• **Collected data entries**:
———
lemma snd_pow_tuple_steps: "k < length xs \<Longrightarrow> step\<^sup>*\<^sup>* ((TSnd ^^ k) (tuple xs)) (tuple (drop k xs))"
proof (induct k)
  case (Suc k)
  have "drop k xs = xs ! k # drop (Suc k) xs" and "drop (Suc k) xs = xs ! Suc k # drop (Suc (Suc k)) xs"
    using Suc.prems by (simp_all add: Cons_nth_drop_Suc)
  then have "step\<^sup>*\<^sup>* (TSnd (tuple (drop k xs))) (tuple (drop (Suc k) xs))"
    by (metis base_red.intros(3) rtranclp.rtrancl_refl steps_redex tuple.simps(3))
  with Suc show ?case by (auto intro: rtranclp_trans steps_cong(5))
qed simp

lemma proj_tuple_steps:
  assumes "length xs = n" and "1 \<le> i" and "i \<le> n"
  shows "step\<^sup>*\<^sup>* (proj n i (tuple xs)) (xs ! (i - 1))"
proof (cases "i = n")
  case True
  have "drop (n - 1) xs = [xs ! (n - 1)]"
    using assms by (metis Cons_nth_drop_Suc One_nat_def Suc_pred diff_less drop_all le_refl
        less_numeral_extra(1) order_less_le_trans)
  with True assms show ?thesis using snd_pow_tuple_steps[of "n - 1" xs] by (simp add: proj_def)
next
  case False
  then have "drop (i - 1) xs = xs ! (i - 1) # xs ! i # drop (Suc i) xs"
    using assms by (metis Cons_nth_drop_Suc Suc_pred' le_less_trans less_Suc_eq_le diff_less not_le
        le_neq_implies_less zero_less_one less_imp_diff_less)
  moreover have "step\<^sup>*\<^sup>* (TFst ((TSnd ^^ (i - 1)) (tuple xs))) (TFst (tuple (drop (i - 1) xs)))"
    using False assms by (intro steps_cong(4) snd_pow_tuple_steps) auto
  ultimately show ?thesis using False
    by (auto simp: proj_def intro: steps_redex base_red.intros)
qed

lemma proj_lets_steps:
  assumes "set js \<subseteq> {1..n}" and "distinct js" and "length bs = n"
  shows "step\<^sup>*\<^sup>* (proj_lets n js (tuple (map bconst bs)) M)
    (subst_fv (\<lambda>x. if x \<in> set js then bconst (bs ! (x - 1)) else TFV x) M)"
  using assms(1,2)
proof (induct js arbitrary: M)
  case Nil
  then show ?case by (simp add: proj_lets_def subst_fv_TFV)
next
  case (Cons i js)
  let ?T = "tuple (map bconst bs)" and ?c = "bconst (bs ! (i - 1))"
  have "step\<^sup>*\<^sup>* (proj n i ?T) ?c"
    using proj_tuple_steps[of "map bconst bs" n i] Cons.prems assms(3) by simp
  then have first: "step\<^sup>*\<^sup>* (proj_lets n (i # js) ?T M) (mklet i ?c (proj_lets n js ?T M))"
    using steps_cong(2)[OF rtranclp.rtrancl_refl] by (simp add: proj_lets_def mklet_def)
  have "subst_fv (TFV(i := ?c)) (proj_lets n js ?T M)
      = proj_lets n js (subst_fv (TFV(i := ?c)) ?T) (subst_fv (TFV(i := ?c)) M)"
    by (rule subst_fv_proj_lets) (use Cons.prems in auto)
  then have "subst_fv (TFV(i := ?c)) (proj_lets n js ?T M) = proj_lets n js ?T (subst_fv (TFV(i := ?c)) M)"
    by (simp only: ground_value_closed(3)[OF ground_value_tuple_bconst])
  with mklet_steps[of ?c i "proj_lets n js ?T M"] have second:
    "step\<^sup>*\<^sup>* (mklet i ?c (proj_lets n js ?T M)) (proj_lets n js ?T (subst_fv (TFV(i := ?c)) M))"
    by simp
  have "subst_fv (\<lambda>x. if x \<in> set js then bconst (bs ! (x - 1)) else TFV x) (subst_fv (TFV(i := ?c)) M)
      = subst_fv (\<lambda>x. if x \<in> set (i # js) then bconst (bs ! (x - 1)) else TFV x) M"
    unfolding subst_fv_subst_fv by (rule subst_fv_cong) simp
  with Cons.hyps[of "subst_fv (TFV(i := ?c)) M"] Cons.prems have third:
    "step\<^sup>*\<^sup>* (proj_lets n js ?T (subst_fv (TFV(i := ?c)) M))
      (subst_fv (\<lambda>x. if x \<in> set (i # js) then bconst (bs ! (x - 1)) else TFV x) M)"
    by simp
  show ?case using rtranclp_trans[OF first rtranclp_trans[OF second third]] .
qed

lemma let_tuple_steps:
  assumes "length bs = n" and "0 \<notin> set (fvars M)"
  shows "step\<^sup>*\<^sup>* (let_tuple n bs M) (subst_fv (\<lambda>x. if x \<in> {1..n} then bconst (bs ! (x - 1)) else TFV x) M)"
proof -
  let ?T = "tuple (map bconst bs)" and ?js = "[1..<Suc n]"
  have ground_T: "ground_value ?T" by (rule ground_value_tuple_bconst)
  have "subst_fv (TFV(0 := ?T)) M = M" using assms(2) by (intro subst_fv_TFV) auto
  with ground_T have "subst_fv (TFV(0 := ?T)) (proj_lets n ?js (TFV 0) M) = proj_lets n ?js ?T M"
    by (subst subst_fv_proj_lets) (auto simp: ground_value_closed)
  with mklet_steps[of ?T 0 "proj_lets n ?js (TFV 0) M"] ground_T
  have "step\<^sup>*\<^sup>* (let_tuple n bs M) (proj_lets n ?js ?T M)"
    by (simp add: let_tuple_proj_lets ground_value_closed)
  moreover have "step\<^sup>*\<^sup>* (proj_lets n ?js ?T M)
      (subst_fv (\<lambda>x. if x \<in> set ?js then bconst (bs ! (x - 1)) else TFV x) M)"
    using assms(1) by (intro proj_lets_steps) auto
  ultimately show ?thesis
    by (simp del: upt_Suc add: atLeastLessThanSuc_atLeastAtMost)
qed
———
• **What you will do**:
The lines above that hold the word "TSnd" are the ones to copy.

• **Response area**:
lemma snd_pow_tuple_steps: "k < length xs \<Longrightarrow> step\<^sup>*\<^sup>* ((TSnd ^^ k) (tuple xs)) (tuple (drop k xs))"
  then have "step\<^sup>*\<^sup>* (TSnd (tuple (drop k xs))) (tuple (drop (Suc k) xs))"
  moreover have "step\<^sup>*\<^sup>* (TFst ((TSnd ^^ (i - 1)) (tuple xs))) (TFst (tuple (drop (i - 1) xs)))"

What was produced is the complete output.